[Extracted records]

(* Let $k\geq2$ and let $L=(l_1,\dots,l_k)$ be positive integers with sum $n$ which are generic and reduced, and let $(f_0,\dots,f_{k-1})$ be the $f$-vector of $Tonn^{n,k}(L)$ ($f_{m-1}$ = number of $(m-1)$-dimensional simplices). Then for $1\leq m\leq k$, $$f_{m-1}=n\,\frac{P(k,m)}{m}=n\,\frac{m!}{m}\,S(k,m),$$ where $P(k,m)$ is the number of ordered partitions $I_1\sqcup\dots\sqcup I_m=[k]$ into $m$ nonempty blocks and $S(k,m)$ is the Stirling number of the second kind.
   Context: $L=(l_1,\dots,l_k)$ is generic if for all subsets $I,J\subseteq[k]$, $\sum_{i\in I}l_i=\sum_{j\in J}l_j$ implies $I=J$. $L$ is reduced if $\gcd(l_1,\dots,l_k)=1$. The generalized tonnetz $Tonn^{n,k}(L)$ is the simplicial complex on vertex set $\mathbb{Z}_n$ whose maximal simplices are the sets $\Delta(x;\sigma)=\{x,\,x+l_{\sigma(1)},\dots,x+l_{\sigma(1)}+\dots+l_{\sigma(k-1)}\}$ (sums in $\mathbb{Z}_n$), for $x\in\mathbb{Z}_n$ and $\sigma\in S_k$; its simplices are all subsets of these sets. *)

theory Defs
  imports "HOL-Combinatorics.Combinatorics"
begin

(* L = (l_1,...,l_k) is represented as a list with L ! i = l_{i+1}; indices i < length L. *)

definition generic :: "nat list \<Rightarrow> bool" where
  "generic L \<longleftrightarrow> (\<forall>I J. I \<subseteq> {..<length L} \<longrightarrow> J \<subseteq> {..<length L} \<longrightarrow>
      (\<Sum>i\<in>I. L ! i) = (\<Sum>j\<in>J. L ! j) \<longrightarrow> I = J)"

definition reduced :: "nat list \<Rightarrow> bool" where
  "reduced L \<longleftrightarrow> Gcd (set L) = 1"

(* Delta(x;sigma) = {x, x + l_sigma(1), ..., x + l_sigma(1) + ... + l_sigma(k-1)} in Z_n,
   with Z_n represented by {0..<n} and arithmetic mod n; sigma a permutation of {..<k}. *)
definition tonnetz_max_simplex :: "nat \<Rightarrow> nat list \<Rightarrow> nat \<Rightarrow> (nat \<Rightarrow> nat) \<Rightarrow> nat set" where
  "tonnetz_max_simplex n L x \<sigma> =
     {(x + (\<Sum>j<i. L ! (\<sigma> j))) mod n | i. i < length L}"

definition tonnetz :: "nat \<Rightarrow> nat list \<Rightarrow> nat set set" where
  "tonnetz n L = {S. S \<noteq> {} \<and> (\<exists>x \<in> {..<n}. \<exists>\<sigma>. \<sigma> permutes {..<length L} \<and>
                                S \<subseteq> tonnetz_max_simplex n L x \<sigma>)}"

definition fvec :: "nat set set \<Rightarrow> nat \<Rightarrow> nat" where
  "fvec K d = card {S \<in> K. card S = d + 1}"

definition ordered_partitions :: "nat \<Rightarrow> nat \<Rightarrow> nat" where
  "ordered_partitions k m = card {Is :: nat set list. length Is = m \<and>
      (\<forall>i<m. Is ! i \<noteq> {}) \<and>
      (\<forall>i<m. \<forall>j<m. i \<noteq> j \<longrightarrow> Is ! i \<inter> Is ! j = {}) \<and>
      \<Union>(set Is) = {1..k}}"

end

theory Submission
  imports Defs "HOL-Number_Theory.Cong"
begin

text \<open>Write \<open>w(U) = \<Sum>i\<in>U. l\<^sub>i\<close>. A maximal simplex consists of the points \<open>x + w(U)\<close>
  for a complete flag of subsets \<open>U\<close> of \<open>[k]\<close>, so an \<open>m\<close>-element simplex is \<open>{y + w(U) | U \<in> C}\<close>
  for a base vertex \<open>y\<close> and a chain \<open>C\<close> of \<open>m\<close> proper subsets starting at the empty set. Such chains
  are the surjections \<open>[k] \<rightarrow> {0..m-1}\<close> (level sets of a weak order), counted by
  \<open>m! S(k,m) = P(k,m)\<close>. Genericity makes the weights of proper subsets distinct residues
  modulo \<open>n\<close>, so a simplex together with its base vertex determines the chain, and re-basing
  at any of the \<open>m\<close> vertices rotates the chain cyclically. Hence the \<open>n P(k,m)\<close> pairs
  (vertex, chain) cover every \<open>m\<close>-element simplex exactly \<open>m\<close> times.\<close>

definition surjections :: "'a set \<Rightarrow> 'b set \<Rightarrow> ('a \<Rightarrow> 'b) set" where
  "surjections A B = {f \<in> A \<rightarrow>\<^sub>E B. f ` A = B}"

> Problem
A word-for-word copy of the lines above from the one with "list \<Rightarrow> nat set" through the one with "K. card S = d", inclusive, is the only output wanted.

> Expected output
definition tonnetz :: "nat \<Rightarrow> nat list \<Rightarrow> nat set set" where
  "tonnetz n L = {S. S \<noteq> {} \<and> (\<exists>x \<in> {..<n}. \<exists>\<sigma>. \<sigma> permutes {..<length L} \<and>
                                S \<subseteq> tonnetz_max_simplex n L x \<sigma>)}"

definition fvec :: "nat set set \<Rightarrow> nat \<Rightarrow> nat" where
  "fvec K d = card {S \<in> K. card S = d + 1}"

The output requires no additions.